Begin at the line containing "('i \<Rightarrow> complex)" in the entries below and end at the line containing "G = (\<lambda>k"; transcribe that range exactly and nothing outside it.

Items from a dataset =>
============================================================

(* Let $\mathbb{L}/\mathbb{K}$ be a finite Galois extension of degree $N$ with Galois group $G=\{g_1,\dots,g_N\}$, $g_1=\mathrm{Id}$, and let $\alpha$ be a primitive element of $\mathbb{L}/\mathbb{K}$. Regard $\mathbb{L}\otimes_\mathbb{K}\mathbb{L}$ as an $\mathbb{L}$-vector space via the left factor, so that for any $\mathbb{K}$-linear $f:\mathbb{L}\to\mathbb{L}$ the map $\mathrm{Id}\otimes f$ is $\mathbb{L}$-linear. Let $m_\alpha:\mathbb{L}\to\mathbb{L}$, $x\mapsto\alpha x$, and choose a nonzero $v\in\mathbb{L}\otimes_\mathbb{K}\mathbb{L}$ with $(\mathrm{Id}\otimes m_\alpha)(v)=\alpha\cdot v$. For $g\in G$ set $v_g=(\mathrm{Id}\otimes g^{-1})(v)$. Then each $v_g$ is an eigenvector of $\mathrm{Id}\otimes m_\alpha$ with eigenvalue $g(\alpha)$, $(\mathrm{Id}\otimes g)(v_h)=v_{hg^{-1}}$ for all $g,h\in G$, $(v_{g_1},\dots,v_{g_N})$ is an $\mathbb{L}$-basis of $\mathbb{L}\otimes_\mathbb{K}\mathbb{L}$, and for every $a\in\mathbb{L}[G]$ the matrix of $\mathrm{Id}\otimes a$ in the basis $(v_{g_1},\dots,v_{g_N})$ equals $D_G(a)^\top$. Moreover, $D_G(a)$ is the matrix, in the $\mathbb{L}$-basis $(g_1,\dots,g_N)$ of $\mathbb{L}[G]$, of the $\mathbb{L}$-linear map $\mathbb{L}[G]\to\mathbb{L}[G]$, $f\mapsto f\circ a$.
   Context: $\mathbb{L}[G]=\{\sum_ga_gg:a_g\in\mathbb{L}\}$ with composition product $(ag)\circ(bh)=(a\,g(b))(gh)$ extended by distributivity; $a=\sum a_gg$ acts on $\mathbb{L}$ as the $\mathbb{K}$-linear map $x\mapsto\sum a_gg(x)$. The $G$-Dickson matrix $D_G(a)$ has rows and columns indexed by $g_1,\dots,g_N$ and entries $D_G(a)_{g,h}=h(a_{h^{-1}g})$. Matrices of linear maps have as columns the coordinates of images of basis vectors. *)

theory Defs
  imports Main
begin

section \<open>Field extension L/K with L = UNIV :: 'a::field and K a subfield\<close>

definition subfield :: "'a::field set \<Rightarrow> bool" where
  "subfield K \<longleftrightarrow> 0 \<in> K \<and> 1 \<in> K \<and>
     (\<forall>x\<in>K. \<forall>y\<in>K. x + y \<in> K \<and> x * y \<in> K) \<and>
     (\<forall>x\<in>K. - x \<in> K \<and> inverse x \<in> K)"

definition ext_degree :: "'a::field set \<Rightarrow> nat \<Rightarrow> bool" where
  "ext_degree K N \<longleftrightarrow> (\<exists>e::nat \<Rightarrow> 'a. \<forall>x. \<exists>!c::nat \<Rightarrow> 'a.
      (\<forall>i. (i < N \<longrightarrow> c i \<in> K) \<and> (N \<le> i \<longrightarrow> c i = 0)) \<and> x = (\<Sum>i<N. c i * e i))"

definition Gal :: "'a::field set \<Rightarrow> ('a \<Rightarrow> 'a) set" where
  "Gal K = {\<sigma>. bij \<sigma> \<and> (\<forall>x y. \<sigma> (x + y) = \<sigma> x + \<sigma> y \<and> \<sigma> (x * y) = \<sigma> x * \<sigma> y)
                 \<and> (\<forall>k\<in>K. \<sigma> k = k)}"

definition galois_ext :: "'a::field set \<Rightarrow> nat \<Rightarrow> bool" where
  "galois_ext K N \<longleftrightarrow> subfield K \<and> ext_degree K N \<and> card (Gal K) = N"

definition primitive_element :: "'a::field set \<Rightarrow> 'a \<Rightarrow> bool" where
  "primitive_element K \<alpha> \<longleftrightarrow> (\<forall>F. subfield F \<and> K \<subseteq> F \<and> \<alpha> \<in> F \<longrightarrow> F = UNIV)"

text \<open>Construction: L \<otimes>_K L = (free L-module on symbols <y>, y in L) modulo the L-submodule
  generated by <y+y'> - <y> - <y'> and <k y> - k <y> (k in K).  A finitely supported
  c :: 'a \<Rightarrow> 'a represents \<Sum>_y c(y) \<otimes> y; L-scaling and addition are pointwise.\<close>

definition fsupp :: "('a \<Rightarrow> 'b::zero) \<Rightarrow> bool" where
  "fsupp c \<longleftrightarrow> finite {y. c y \<noteq> 0}"

definition tb :: "'a::field \<Rightarrow> 'a \<Rightarrow> 'a" where
  "tb y = (\<lambda>z. if z = y then 1 else 0)"

inductive_set tzero :: "'a::field set \<Rightarrow> ('a \<Rightarrow> 'a) set" for K :: "'a set" where
  tz0: "(\<lambda>_. 0) \<in> tzero K"
| tz_add: "c \<in> tzero K \<Longrightarrow> d \<in> tzero K \<Longrightarrow> (\<lambda>z. c z + d z) \<in> tzero K"
| tz_smult: "c \<in> tzero K \<Longrightarrow> (\<lambda>z. a * c z) \<in> tzero K"
| tz_gen_add: "(\<lambda>z. tb (y + y') z - tb y z - tb y' z) \<in> tzero K"
| tz_gen_scal: "k \<in> K \<Longrightarrow> (\<lambda>z. tb (k * y) z - k * tb y z) \<in> tzero K"

definition teq :: "'a::field set \<Rightarrow> ('a \<Rightarrow> 'a) \<Rightarrow> ('a \<Rightarrow> 'a) \<Rightarrow> bool" where
  "teq K c d \<longleftrightarrow> (\<lambda>z. c z - d z) \<in> tzero K"

text \<open>Id \<otimes> f on representatives: \<Sum>_y c(y) \<otimes> y \<mapsto> \<Sum>_y c(y) \<otimes> f(y).\<close>
definition idt :: "('a::field \<Rightarrow> 'a) \<Rightarrow> ('a \<Rightarrow> 'a) \<Rightarrow> ('a \<Rightarrow> 'a)" where
  "idt f c = (\<lambda>z. \<Sum>y\<in>{y. c y \<noteq> 0 \<and> f y = z}. c y)"
lemma mcomb_lc: "mcomb (lc r) (\<lambda>z. mat_of (F z)) = mat_of (scomb r F)"
proof (induction r)
  case Nil
  then show ?case
    by (simp add: lc_def scomb_def mcomb_zero mat_of_szero mzero_def)
next
  case (Cons p r)
  obtain z c where p: "p = (z, c)" by (cases p)
  have "mcomb (\<lambda>x. if x = z then c else 0) (\<lambda>z. mat_of (F z)) = msmult c (mat_of (F z))"
    by (simp add: mcomb_def msmult_def psd_smult_def if_distrib[of "\<lambda>v. v * _"] cong: if_cong)
  with Cons show ?case
    by (simp add: p lc_Cons mcomb_add scomb_def mat_of_sadd mat_of_sscale)
qed

definition sbr_basis :: "(gb \<Rightarrow> smat) \<Rightarrow> gb \<Rightarrow> gb \<Rightarrow> smat" where
  "sbr_basis F x y =
     (case tlookup x y of
        Some r \<Rightarrow> scomb r F
      | None \<Rightarrow> (case tlookup y x of
                  Some r \<Rightarrow> sscale (if gb_odd x \<and> gb_odd y then 1 else -1) (scomb r F)
                | None \<Rightarrow> szero))"

lemma mcomb_gbr_basis: "mcomb (gbr_basis x y) (\<lambda>z. mat_of (F z)) = mat_of (sbr_basis F x y)"
  by (cases "tlookup x y"; cases "tlookup y x")
     (simp_all add: gbr_basis_def sbr_basis_def mcomb_lc mcomb_scale mcomb_zero mat_of_sscale
       mat_of_szero mzero_def)

(* Stated for b = (K - 1) / a, so that field_simps only has to clear the atomic denominators
   a and K = ab + 1. *)
lemma basis_sym_bracket:
  assumes "a \<noteq> 0" "K \<noteq> 0"
  shows "sbracket (gb_odd x \<and> gb_odd y) (basis_sym a ((K - 1) / a) x) (basis_sym a ((K - 1) / a) y)
       = sbr_basis (basis_sym a ((K - 1) / a)) x y"
  using assms
  by (cases x; cases y)
     (simp_all add: sbracket_def sbr_basis_def tlookup_def gtable_def gb_odd_def scomb_def
       basis_sym_def basis_scale_def tmat_sym_def sadd_def ssub_def sscale_def smult_def sunit_def
       sscal_def szero_def smat_tab_def vec4_tab_def sentry_def zero_tpoly_def Let_def field_simps)

lemma basis_mat_bracket:
  assumes "a \<noteq> 0" "a * b + 1 \<noteq> 0"
  shows "mbr (basis_mat a b x) (basis_mat a b y) = mcomb (gbr_basis x y) (basis_mat a b)"
proof -
  have "sbracket (gb_odd x \<and> gb_odd y) (basis_sym a b x) (basis_sym a b y) =
      sbr_basis (basis_sym a b) x y"
    using basis_sym_bracket[of a "a * b + 1" x y] assms by simp
  moreover have "basis_mat a b = (\<lambda>z. mat_of (basis_sym a b z))"
    by (simp add: fun_eq_iff basis_mat_eq_mat_of)
  ultimately show ?thesis
    unfolding mbr_basis_mat by (simp add: mcomb_gbr_basis)
qed

definition mcomb2 :: "('i::finite \<Rightarrow> complex) \<Rightarrow> ('i \<Rightarrow> complex) \<Rightarrow> ('i \<Rightarrow> 'i \<Rightarrow> mat) \<Rightarrow> mat" where
  "mcomb2 u v G = (\<lambda>k l i j. \<Sum>x\<in>UNIV. \<Sum>y\<in>UNIV. u x * v y * G x y k l i j)"

lemma mcomb2_swap: "mcomb2 v u G = mcomb2 u v (\<lambda>x y. G y x)"
  unfolding mcomb2_def by (intro ext, subst sum.swap) (simp add: mult_ac)

lemma madd_mcomb2: "madd (mcomb2 u v G) (mcomb2 u v G') = mcomb2 u v (\<lambda>x y. madd (G x y) (G' x y))"
  by (simp add: mcomb2_def madd_def psd_add_def distrib_left sum.distrib)

lemma msub_mcomb2:
  "msub (mcomb2 u v G) (mcomb2 u v G') = mcomb2 u v (\<lambda>x y. msub (G x y) (G' x y))"
  by (simp add: mcomb2_def msub_def psd_add_def psd_smult_def sum_subtractf sum_negf
      right_diff_distrib)

lemma meven_part_mcomb: "meven_part (mcomb u M) = mcomb u (\<lambda>x. meven_part (M x))"
  by (intro ext) (simp add: meven_part_def mcomb_def psd_zero_def)

lemma modd_part_mcomb: "modd_part (mcomb u M) = mcomb u (\<lambda>x. modd_part (M x))"
  by (intro ext) (simp add: modd_part_def mcomb_def psd_zero_def)

lemma mmult_mcomb:
  assumes "\<And>x k l. diag_symbol (M x k l)" "\<And>y k l. diag_symbol (N y k l)"
  shows "mmult (mcomb u M) (mcomb v N) = mcomb2 u v (\<lambda>x y. mmult (M x) (N y))"
  unfolding mmult_def mcomb_def mcomb2_def
  by (simp add: psd_add_def psd_zero_def psd_mult_sum_sum assms distrib_left sum.distrib)

lemma mbr_mcomb:
  assumes "\<And>x k l. diag_symbol (M x k l)"
  shows "mbr (mcomb u M) (mcomb v M) = mcomb2 u v (\<lambda>x y. mbr (M x) (M y))"
proof -
  have "diag_symbol (meven_part (M x) k l)" "diag_symbol (modd_part (M x) k l)" for x k l
    using assms by (simp_all add: meven_part_def modd_part_def diag_symbol_zero)
  then show ?thesis
    unfolding mbr_def comm_def acomm_def meven_part_mcomb modd_part_mcomb
    by (simp add: mmult_mcomb[where u = u and v = v] mmult_mcomb[where u = v and v = u]
        mcomb2_swap[of v u] madd_mcomb2 msub_mcomb2)
qed

lemma mcomb_gbr: "mcomb (gbr u v) M = mcomb2 u v (\<lambda>x y. mcomb (gbr_basis x y) M)"
proof (intro ext)
  fix k l i j
  have "(\<Sum>z\<in>UNIV. (\<Sum>x\<in>UNIV. \<Sum>y\<in>UNIV. u x * v y * gbr_basis x y z) * M z k l i j)
      = (\<Sum>z\<in>UNIV. \<Sum>x\<in>UNIV. \<Sum>y\<in>UNIV. u x * v y * (gbr_basis x y z * M z k l i j))"
    by (simp add: sum_distrib_right mult.assoc)
  also have "\<dots> = (\<Sum>x\<in>UNIV. \<Sum>y\<in>UNIV. \<Sum>z\<in>UNIV. u x * v y * (gbr_basis x y z * M z k l i j))"
    by (subst sum.swap, rule sum.cong, rule refl, rule sum.swap)
  finally show "mcomb (gbr u v) M k l i j = mcomb2 u v (\<lambda>x y. mcomb (gbr_basis x y) M) k l i j"
    by (simp add: mcomb_def mcomb2_def gbr_def sum_distrib_left)
qed

lemma tmat_independent:
  assumes "b \<noteq> 0" and w: "mcomb w (tmat a b) = mzero"
  shows "w x = 0"
proof -
  have e: "(\<Sum>x\<in>UNIV. w x * tmat a b x k l i j) = 0" for k l i j
    using fun_cong[OF fun_cong[OF fun_cong[OF fun_cong[OF w]]], of k l i j]
    by (simp add: mcomb_def mzero_def psd_zero_def)
  \<comment> \<open>e k l i j is the coefficient of t^j \<tau>^i in entry (k, l); apart from C, H1 and H2,
    which share the diagonal, each w x is isolated by a single one of them.\<close>
  note entries = gb_UNIV tmat_def munit_def madd_def msub_def mscal_def psd_add_def psd_smult_def
    psd_c_val tt_val uu_val psd_zero_def
  have "w E1 = 0" "w F1 = 0" "w E2 = 0" "w F2 = 0" "w T1 = 0" "w T2 = 0" "w T3 = 0" "w T4 = 0"
    "w D1 = 0" "w D2 = 0" "w D3 = 0" "w D4 = 0" "w Cp = 0" "w Cm = 0"
    using e[of 1 2 0 0] e[of 2 1 0 0] e[of 4 3 0 0] e[of 3 4 0 0]
      e[of 1 4 0 0] e[of 1 4 1 1] e[of 1 3 1 1] e[of 1 3 0 0]
      e[of 2 3 1 1] e[of 2 3 0 0] e[of 2 4 0 0] e[of 2 4 1 1]
      e[of 1 1 1 1] e[of 1 1 "-1" "-1"] \<open>b \<noteq> 0\<close>
    by (simp_all add: entries)
  moreover have "w C + w H1 = 0" "w C - w H1 = 0" "w C + w H2 = 0"
    using e[of 1 1 0 0] e[of 2 2 0 0] e[of 3 3 0 0] by (simp_all add: entries)
  ultimately show ?thesis
    by (cases x) (auto simp: eq_neg_iff_add_eq_0[symmetric])
qed

lemma basis_scale_nonzero:
  assumes "a * b \<noteq> 0" "a * b \<noteq> 1" "a * b \<noteq> -1"
  shows "basis_scale a b x \<noteq> 0"
proof -
  have "a * b + 1 \<noteq> 0" "a * b + 1 - 2 \<noteq> 0"
    using assms by (simp_all add: eq_neg_iff_add_eq_0)
  with assms show ?thesis
    by (cases x) (simp_all add: basis_scale_def)
qed

definition gamma_rep :: "complex \<Rightarrow> complex \<Rightarrow> gamma \<Rightarrow> mat" where
  "gamma_rep a b u = mcomb u (basis_mat a b)"

lemma gamma_rep_tmat: "gamma_rep a b u = mcomb (\<lambda>x. u x * basis_scale a b x) (tmat a b)"
  by (simp add: gamma_rep_def mcomb_def basis_mat_def msmult_def psd_smult_def mult.assoc)

lemma gamma_rep_add: "gamma_rep a b (\<lambda>z. u z + v z) = madd (gamma_rep a b u) (gamma_rep a b v)"
  by (simp add: gamma_rep_def mcomb_add)

lemma gamma_rep_scale: "gamma_rep a b (\<lambda>z. c * u z) = msmult c (gamma_rep a b u)"
  by (simp add: gamma_rep_def mcomb_scale)

lemma inj_gamma_rep:
  assumes "b \<noteq> 0" "\<And>x. basis_scale a b x \<noteq> 0"
  shows "inj (gamma_rep a b)"
proof (rule injI)
  fix u v assume "gamma_rep a b u = gamma_rep a b v"
  then have "mcomb (\<lambda>x. (u x - v x) * basis_scale a b x) (tmat a b) = mzero"
    by (simp add: gamma_rep_tmat mcomb_def mzero_def psd_zero_def fun_eq_iff algebra_simps
        sum_subtractf)
  then have "(u x - v x) * basis_scale a b x = 0" for x
    using tmat_independent[OF \<open>b \<noteq> 0\<close>] by blast
  with assms(2) show "u = v"
    by (simp add: fun_eq_iff)
qed

lemma range_gamma_rep:
  assumes "\<And>x. basis_scale a b x \<noteq> 0"
  shows "range (gamma_rep a b) = mspan a b"
proof (intro set_eqI iffI)
  fix X assume "X \<in> range (gamma_rep a b)"
  then show "X \<in> mspan a b"
    by (auto simp: mspan_def gamma_rep_tmat mcomb_def)
next
  fix X assume "X \<in> mspan a b"
  then obtain c where "X = mcomb c (tmat a b)"
    by (auto simp: mspan_def mcomb_def)
  also have "\<dots> = gamma_rep a b (\<lambda>x. c x / basis_scale a b x)"
    using assms by (simp add: gamma_rep_tmat)
  finally show "X \<in> range (gamma_rep a b)"
    by blast
qed

lemma gamma_rep_even:
  assumes "gamma_even u"
  shows "mat_even (gamma_rep a b u)"
proof -
  have vanish: "u x * modd_part (basis_mat a b x) k l i j = 0" for x k l i j
    using assms basis_mat_homogeneous[of x a b] mat_even_parts[of "basis_mat a b x"]
    by (cases "gb_odd x") (simp_all add: gamma_even_def mzero_def psd_zero_def)
  show ?thesis
    unfolding mat_even_def gamma_rep_def modd_part_mcomb
    by (simp add: mcomb_def psd_zero_def vanish)
qed

lemma gamma_rep_odd:
  assumes "gamma_odd u"
  shows "mat_odd (gamma_rep a b u)"
proof -
  have vanish: "u x * meven_part (basis_mat a b x) k l i j = 0" for x k l i j
    using assms basis_mat_homogeneous[of x a b] mat_odd_parts[of "basis_mat a b x"]
    by (cases "gb_odd x") (simp_all add: gamma_odd_def mzero_def psd_zero_def)
  show ?thesis
    unfolding mat_odd_def gamma_rep_def meven_part_mcomb
    by (simp add: mcomb_def psd_zero_def vanish)
qed

lemma gamma_rep_bracket:
  assumes "a \<noteq> 0" "a * b + 1 \<noteq> 0"
  shows "gamma_rep a b (gbr u v) = mbr (gamma_rep a b u) (gamma_rep a b v)"
  by (simp add: gamma_rep_def mcomb_gbr mbr_mcomb diag_symbol_basis_mat basis_mat_bracket[OF assms])

theorem theorem4p2:
  fixes a b :: complex
  assumes "a * b \<noteq> 0" and "a * b \<noteq> 1" and "a * b \<noteq> -1"
  shows "\<exists>\<phi> :: gamma \<Rightarrow> mat.
           (\<forall>u v. \<phi> (\<lambda>z. u z + v z) = madd (\<phi> u) (\<phi> v))
         \<and> (\<forall>c u. \<phi> (\<lambda>z. c * u z) = msmult c (\<phi> u))
         \<and> inj \<phi>
         \<and> range \<phi> = mspan a b
         \<and> (\<forall>u. gamma_even u \<longrightarrow> mat_even (\<phi> u))
         \<and> (\<forall>u. gamma_odd u \<longrightarrow> mat_odd (\<phi> u))
         \<and> (\<forall>u v. \<phi> (gbr u v) = mbr (\<phi> u) (\<phi> v))"
proof -
  have "a \<noteq> 0" "b \<noteq> 0" "a * b + 1 \<noteq> 0"
    using assms by (simp_all add: eq_neg_iff_add_eq_0)
  moreover have "basis_scale a b x \<noteq> 0" for x
    using basis_scale_nonzero[OF assms] .
  ultimately show ?thesis
    by (intro exI[of _ "gamma_rep a b"])
       (simp add: gamma_rep_add gamma_rep_scale inj_gamma_rep range_gamma_rep gamma_rep_even
         gamma_rep_odd gamma_rep_bracket)
qed

end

============================================================

Result of the task =>
definition mcomb2 :: "('i::finite \<Rightarrow> complex) \<Rightarrow> ('i \<Rightarrow> complex) \<Rightarrow> ('i \<Rightarrow> 'i \<Rightarrow> mat) \<Rightarrow> mat" where
  "mcomb2 u v G = (\<lambda>k l i j. \<Sum>x\<in>UNIV. \<Sum>y\<in>UNIV. u x * v y * G x y k l i j)"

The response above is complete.